Dataset entries:
○ ○ ○ ○

lemma Ppa_eq_cls:
  assumes p: "p \<in> S"
  shows "Ppa h S p a = cls h S a"
proof (rule set_eqI)
  fix b
  have "b \<in> Ppa h S p a \<longleftrightarrow> (\<exists>q\<in>S. b = h q p a)"
    unfolding Ppa_def by blast
  also have "\<dots> \<longleftrightarrow> h b a p \<in> S"
  proof
    assume "\<exists>q\<in>S. b = h q p a"
    with p show "h b a p \<in> S"
      by (auto simp: heap_assoc)
  next
    assume "h b a p \<in> S"
    moreover have "b = h (h b a p) p a"
      by (simp add: heap_assoc)
    ultimately show "\<exists>q\<in>S. b = h q p a"
      by blast
  qed
  also have "\<dots> \<longleftrightarrow> b \<in> cls h S a"
    using p heap_sim_iff heap_sim_sym mem_cls_iff by blast
  finally show "b \<in> Ppa h S p a \<longleftrightarrow> b \<in> cls h S a" .
qed

end

locale normal_sub_heap = sub_heap +
  assumes normal: "e \<in> S \<Longrightarrow> s \<in> S \<Longrightarrow> h (h x e s) x e \<in> S"
begin

lemma normal_subheap_cls: "normal_subheap h (cls h S a)"
  unfolding normal_subheap_def subheap_closed_def
proof (intro conjI ballI allI)
  show "cls h S a \<noteq> {}"
    using cls_self by blast
next
  fix x y z
  assume "x \<in> cls h S a" "y \<in> cls h S a" "z \<in> cls h S a"
  then have "heap_sim h S a x" "heap_sim h S y x" "heap_sim h S x z"
    using mem_cls_iff heap_sim_sym heap_sim_trans by blast+
  obtain p where p: "p \<in> S"
    using nonempty by blast
  have "h (h x z p) p (h y x p) \<in> S"
    using closed p \<open>heap_sim h S y x\<close> \<open>heap_sim h S x z\<close> heap_sim_iff by blast
  then have "h x (h x y z) p \<in> S"
    by (simp add: heap_assoc heap_middle_swap)
  then show "h x y z \<in> cls h S a"
    using p heap_sim_iff \<open>heap_sim h S a x\<close> heap_sim_trans mem_cls_iff by blast
next
  fix x e s
  assume "e \<in> cls h S a" "s \<in> cls h S a"
  then have "heap_sim h S a e" "heap_sim h S e s"
    using mem_cls_iff heap_sim_sym heap_sim_trans by blast+
  obtain p where p: "p \<in> S"
    using nonempty by blast
  have "h e s p \<in> S"
    using p \<open>heap_sim h S e s\<close> heap_sim_iff by blast
  then have "h (h (h x s p) p (h e s p)) (h x s p) p \<in> S"
    using normal p by blast
  then have "h e (h (h x e s) x e) p \<in> S"
    by (simp add: heap_assoc heap_middle_swap)
  then show "h (h x e s) x e \<in> cls h S a"
    using p heap_sim_iff \<open>heap_sim h S a e\<close> heap_sim_trans mem_cls_iff by blast
qed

○ ○ ○ ○

# Task to complete
Every record above should be copied exactly.

# Answer for the task
lemma Ppa_eq_cls:
  assumes p: "p \<in> S"
  shows "Ppa h S p a = cls h S a"
proof (rule set_eqI)
  fix b
  have "b \<in> Ppa h S p a \<longleftrightarrow> (\<exists>q\<in>S. b = h q p a)"
    unfolding Ppa_def by blast
  also have "\<dots> \<longleftrightarrow> h b a p \<in> S"
  proof
    assume "\<exists>q\<in>S. b = h q p a"
    with p show "h b a p \<in> S"
      by (auto simp: heap_assoc)
  next
    assume "h b a p \<in> S"
    moreover have "b = h (h b a p) p a"
      by (simp add: heap_assoc)
    ultimately show "\<exists>q\<in>S. b = h q p a"
      by blast
  qed
  also have "\<dots> \<longleftrightarrow> b \<in> cls h S a"
    using p heap_sim_iff heap_sim_sym mem_cls_iff by blast
  finally show "b \<in> Ppa h S p a \<longleftrightarrow> b \<in> cls h S a" .
qed

end

locale normal_sub_heap = sub_heap +
  assumes normal: "e \<in> S \<Longrightarrow> s \<in> S \<Longrightarrow> h (h x e s) x e \<in> S"
begin

lemma normal_subheap_cls: "normal_subheap h (cls h S a)"
  unfolding normal_subheap_def subheap_closed_def
proof (intro conjI ballI allI)
  show "cls h S a \<noteq> {}"
    using cls_self by blast
next
  fix x y z
  assume "x \<in> cls h S a" "y \<in> cls h S a" "z \<in> cls h S a"
  then have "heap_sim h S a x" "heap_sim h S y x" "heap_sim h S x z"
    using mem_cls_iff heap_sim_sym heap_sim_trans by blast+
  obtain p where p: "p \<in> S"
    using nonempty by blast
  have "h (h x z p) p (h y x p) \<in> S"
    using closed p \<open>heap_sim h S y x\<close> \<open>heap_sim h S x z\<close> heap_sim_iff by blast
  then have "h x (h x y z) p \<in> S"
    by (simp add: heap_assoc heap_middle_swap)
  then show "h x y z \<in> cls h S a"
    using p heap_sim_iff \<open>heap_sim h S a x\<close> heap_sim_trans mem_cls_iff by blast
next
  fix x e s
  assume "e \<in> cls h S a" "s \<in> cls h S a"
  then have "heap_sim h S a e" "heap_sim h S e s"
    using mem_cls_iff heap_sim_sym heap_sim_trans by blast+
  obtain p where p: "p \<in> S"
    using nonempty by blast
  have "h e s p \<in> S"
    using p \<open>heap_sim h S e s\<close> heap_sim_iff by blast
  then have "h (h (h x s p) p (h e s p)) (h x s p) p \<in> S"
    using normal p by blast
  then have "h e (h (h x e s) x e) p \<in> S"
    by (simp add: heap_assoc heap_middle_swap)
  then show "h (h x e s) x e \<in> cls h S a"
    using p heap_sim_iff \<open>heap_sim h S a e\<close> heap_sim_trans mem_cls_iff by blast
qed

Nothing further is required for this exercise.